* _Task statement_: Give back every record precisely.

==== Material for the task

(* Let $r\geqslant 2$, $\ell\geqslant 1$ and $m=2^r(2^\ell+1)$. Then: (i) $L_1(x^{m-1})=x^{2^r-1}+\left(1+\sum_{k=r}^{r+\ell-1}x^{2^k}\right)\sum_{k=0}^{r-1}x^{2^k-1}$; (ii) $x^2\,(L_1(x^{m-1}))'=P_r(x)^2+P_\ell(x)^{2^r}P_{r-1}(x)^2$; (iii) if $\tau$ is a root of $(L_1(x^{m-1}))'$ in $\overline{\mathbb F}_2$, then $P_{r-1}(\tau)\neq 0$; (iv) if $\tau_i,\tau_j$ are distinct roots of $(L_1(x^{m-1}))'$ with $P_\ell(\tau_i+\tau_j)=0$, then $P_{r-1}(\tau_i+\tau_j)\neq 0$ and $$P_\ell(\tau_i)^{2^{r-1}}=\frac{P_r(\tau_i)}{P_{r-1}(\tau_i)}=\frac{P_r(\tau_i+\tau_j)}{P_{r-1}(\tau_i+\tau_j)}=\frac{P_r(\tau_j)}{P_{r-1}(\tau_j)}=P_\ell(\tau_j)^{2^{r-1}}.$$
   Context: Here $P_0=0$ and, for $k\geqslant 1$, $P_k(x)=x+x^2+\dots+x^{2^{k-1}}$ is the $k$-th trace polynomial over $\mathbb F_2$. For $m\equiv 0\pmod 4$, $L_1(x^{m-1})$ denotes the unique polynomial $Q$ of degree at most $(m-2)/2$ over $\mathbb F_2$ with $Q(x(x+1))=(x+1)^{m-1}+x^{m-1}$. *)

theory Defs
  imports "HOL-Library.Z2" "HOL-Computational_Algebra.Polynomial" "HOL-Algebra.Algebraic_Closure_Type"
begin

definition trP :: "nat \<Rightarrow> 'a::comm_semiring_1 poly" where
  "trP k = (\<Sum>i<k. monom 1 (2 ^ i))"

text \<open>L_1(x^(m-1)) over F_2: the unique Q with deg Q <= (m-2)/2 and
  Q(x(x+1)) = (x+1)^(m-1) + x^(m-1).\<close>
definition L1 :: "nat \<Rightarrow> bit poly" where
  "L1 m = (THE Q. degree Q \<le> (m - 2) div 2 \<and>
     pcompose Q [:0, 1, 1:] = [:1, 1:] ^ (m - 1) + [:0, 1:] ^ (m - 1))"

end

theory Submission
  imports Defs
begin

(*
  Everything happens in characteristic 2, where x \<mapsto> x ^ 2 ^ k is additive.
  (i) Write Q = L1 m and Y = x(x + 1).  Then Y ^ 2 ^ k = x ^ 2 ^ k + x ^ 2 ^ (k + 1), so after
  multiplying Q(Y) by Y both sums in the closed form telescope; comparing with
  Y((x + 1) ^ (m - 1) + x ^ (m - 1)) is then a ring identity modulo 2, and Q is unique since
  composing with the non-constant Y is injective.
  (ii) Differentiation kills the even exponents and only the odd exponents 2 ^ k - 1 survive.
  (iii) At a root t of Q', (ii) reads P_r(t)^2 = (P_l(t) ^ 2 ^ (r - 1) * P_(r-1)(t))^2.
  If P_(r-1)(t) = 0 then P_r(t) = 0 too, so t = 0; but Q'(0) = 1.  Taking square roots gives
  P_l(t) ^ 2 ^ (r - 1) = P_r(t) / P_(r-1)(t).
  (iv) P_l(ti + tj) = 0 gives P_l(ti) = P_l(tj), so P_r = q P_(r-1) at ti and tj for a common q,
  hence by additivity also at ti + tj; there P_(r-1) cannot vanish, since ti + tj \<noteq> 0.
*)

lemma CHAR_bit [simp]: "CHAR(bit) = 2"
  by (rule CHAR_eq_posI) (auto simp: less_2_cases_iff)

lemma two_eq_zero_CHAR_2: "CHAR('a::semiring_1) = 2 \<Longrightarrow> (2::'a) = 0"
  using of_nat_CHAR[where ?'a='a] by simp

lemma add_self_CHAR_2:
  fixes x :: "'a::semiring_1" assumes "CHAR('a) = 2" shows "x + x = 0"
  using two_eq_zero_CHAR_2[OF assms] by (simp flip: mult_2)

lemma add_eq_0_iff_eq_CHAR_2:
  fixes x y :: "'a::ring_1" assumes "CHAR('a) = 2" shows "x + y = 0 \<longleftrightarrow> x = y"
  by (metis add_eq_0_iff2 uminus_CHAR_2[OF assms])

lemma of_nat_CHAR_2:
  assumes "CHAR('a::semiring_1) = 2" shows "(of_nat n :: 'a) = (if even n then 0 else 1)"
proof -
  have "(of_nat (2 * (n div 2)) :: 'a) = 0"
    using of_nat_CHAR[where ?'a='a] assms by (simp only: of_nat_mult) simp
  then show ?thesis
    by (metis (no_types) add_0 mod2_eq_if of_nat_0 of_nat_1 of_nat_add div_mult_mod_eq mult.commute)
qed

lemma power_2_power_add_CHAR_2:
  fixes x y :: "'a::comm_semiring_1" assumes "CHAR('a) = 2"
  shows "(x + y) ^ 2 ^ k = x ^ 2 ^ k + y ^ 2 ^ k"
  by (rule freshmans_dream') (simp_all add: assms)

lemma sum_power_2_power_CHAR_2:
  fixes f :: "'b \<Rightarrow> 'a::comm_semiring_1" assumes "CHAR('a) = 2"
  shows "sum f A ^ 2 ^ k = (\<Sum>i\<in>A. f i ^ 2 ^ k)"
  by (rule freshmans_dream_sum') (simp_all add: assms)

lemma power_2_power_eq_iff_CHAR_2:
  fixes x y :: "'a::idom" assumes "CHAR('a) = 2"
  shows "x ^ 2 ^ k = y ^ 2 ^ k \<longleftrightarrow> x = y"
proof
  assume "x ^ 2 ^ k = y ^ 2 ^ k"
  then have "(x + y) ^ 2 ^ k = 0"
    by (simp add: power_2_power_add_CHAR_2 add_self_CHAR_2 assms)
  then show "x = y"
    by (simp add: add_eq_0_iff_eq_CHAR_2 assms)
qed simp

========

* _Exercise response_:
(* Let $r\geqslant 2$, $\ell\geqslant 1$ and $m=2^r(2^\ell+1)$. Then: (i) $L_1(x^{m-1})=x^{2^r-1}+\left(1+\sum_{k=r}^{r+\ell-1}x^{2^k}\right)\sum_{k=0}^{r-1}x^{2^k-1}$; (ii) $x^2\,(L_1(x^{m-1}))'=P_r(x)^2+P_\ell(x)^{2^r}P_{r-1}(x)^2$; (iii) if $\tau$ is a root of $(L_1(x^{m-1}))'$ in $\overline{\mathbb F}_2$, then $P_{r-1}(\tau)\neq 0$; (iv) if $\tau_i,\tau_j$ are distinct roots of $(L_1(x^{m-1}))'$ with $P_\ell(\tau_i+\tau_j)=0$, then $P_{r-1}(\tau_i+\tau_j)\neq 0$ and $$P_\ell(\tau_i)^{2^{r-1}}=\frac{P_r(\tau_i)}{P_{r-1}(\tau_i)}=\frac{P_r(\tau_i+\tau_j)}{P_{r-1}(\tau_i+\tau_j)}=\frac{P_r(\tau_j)}{P_{r-1}(\tau_j)}=P_\ell(\tau_j)^{2^{r-1}}.$$
   Context: Here $P_0=0$ and, for $k\geqslant 1$, $P_k(x)=x+x^2+\dots+x^{2^{k-1}}$ is the $k$-th trace polynomial over $\mathbb F_2$. For $m\equiv 0\pmod 4$, $L_1(x^{m-1})$ denotes the unique polynomial $Q$ of degree at most $(m-2)/2$ over $\mathbb F_2$ with $Q(x(x+1))=(x+1)^{m-1}+x^{m-1}$. *)

theory Defs
  imports "HOL-Library.Z2" "HOL-Computational_Algebra.Polynomial" "HOL-Algebra.Algebraic_Closure_Type"
begin

definition trP :: "nat \<Rightarrow> 'a::comm_semiring_1 poly" where
  "trP k = (\<Sum>i<k. monom 1 (2 ^ i))"

text \<open>L_1(x^(m-1)) over F_2: the unique Q with deg Q <= (m-2)/2 and
  Q(x(x+1)) = (x+1)^(m-1) + x^(m-1).\<close>
definition L1 :: "nat \<Rightarrow> bit poly" where
  "L1 m = (THE Q. degree Q \<le> (m - 2) div 2 \<and>
     pcompose Q [:0, 1, 1:] = [:1, 1:] ^ (m - 1) + [:0, 1:] ^ (m - 1))"

end

theory Submission
  imports Defs
begin

(*
  Everything happens in characteristic 2, where x \<mapsto> x ^ 2 ^ k is additive.
  (i) Write Q = L1 m and Y = x(x + 1).  Then Y ^ 2 ^ k = x ^ 2 ^ k + x ^ 2 ^ (k + 1), so after
  multiplying Q(Y) by Y both sums in the closed form telescope; comparing with
  Y((x + 1) ^ (m - 1) + x ^ (m - 1)) is then a ring identity modulo 2, and Q is unique since
  composing with the non-constant Y is injective.
  (ii) Differentiation kills the even exponents and only the odd exponents 2 ^ k - 1 survive.
  (iii) At a root t of Q', (ii) reads P_r(t)^2 = (P_l(t) ^ 2 ^ (r - 1) * P_(r-1)(t))^2.
  If P_(r-1)(t) = 0 then P_r(t) = 0 too, so t = 0; but Q'(0) = 1.  Taking square roots gives
  P_l(t) ^ 2 ^ (r - 1) = P_r(t) / P_(r-1)(t).
  (iv) P_l(ti + tj) = 0 gives P_l(ti) = P_l(tj), so P_r = q P_(r-1) at ti and tj for a common q,
  hence by additivity also at ti + tj; there P_(r-1) cannot vanish, since ti + tj \<noteq> 0.
*)

lemma CHAR_bit [simp]: "CHAR(bit) = 2"
  by (rule CHAR_eq_posI) (auto simp: less_2_cases_iff)

lemma two_eq_zero_CHAR_2: "CHAR('a::semiring_1) = 2 \<Longrightarrow> (2::'a) = 0"
  using of_nat_CHAR[where ?'a='a] by simp

lemma add_self_CHAR_2:
  fixes x :: "'a::semiring_1" assumes "CHAR('a) = 2" shows "x + x = 0"
  using two_eq_zero_CHAR_2[OF assms] by (simp flip: mult_2)

lemma add_eq_0_iff_eq_CHAR_2:
  fixes x y :: "'a::ring_1" assumes "CHAR('a) = 2" shows "x + y = 0 \<longleftrightarrow> x = y"
  by (metis add_eq_0_iff2 uminus_CHAR_2[OF assms])

lemma of_nat_CHAR_2:
  assumes "CHAR('a::semiring_1) = 2" shows "(of_nat n :: 'a) = (if even n then 0 else 1)"
proof -
  have "(of_nat (2 * (n div 2)) :: 'a) = 0"
    using of_nat_CHAR[where ?'a='a] assms by (simp only: of_nat_mult) simp
  then show ?thesis
    by (metis (no_types) add_0 mod2_eq_if of_nat_0 of_nat_1 of_nat_add div_mult_mod_eq mult.commute)
qed

lemma power_2_power_add_CHAR_2:
  fixes x y :: "'a::comm_semiring_1" assumes "CHAR('a) = 2"
  shows "(x + y) ^ 2 ^ k = x ^ 2 ^ k + y ^ 2 ^ k"
  by (rule freshmans_dream') (simp_all add: assms)

lemma sum_power_2_power_CHAR_2:
  fixes f :: "'b \<Rightarrow> 'a::comm_semiring_1" assumes "CHAR('a) = 2"
  shows "sum f A ^ 2 ^ k = (\<Sum>i\<in>A. f i ^ 2 ^ k)"
  by (rule freshmans_dream_sum') (simp_all add: assms)

lemma power_2_power_eq_iff_CHAR_2:
  fixes x y :: "'a::idom" assumes "CHAR('a) = 2"
  shows "x ^ 2 ^ k = y ^ 2 ^ k \<longleftrightarrow> x = y"
proof
  assume "x ^ 2 ^ k = y ^ 2 ^ k"
  then have "(x + y) ^ 2 ^ k = 0"
    by (simp add: power_2_power_add_CHAR_2 add_self_CHAR_2 assms)
  then show "x = y"
    by (simp add: add_eq_0_iff_eq_CHAR_2 assms)
qed simp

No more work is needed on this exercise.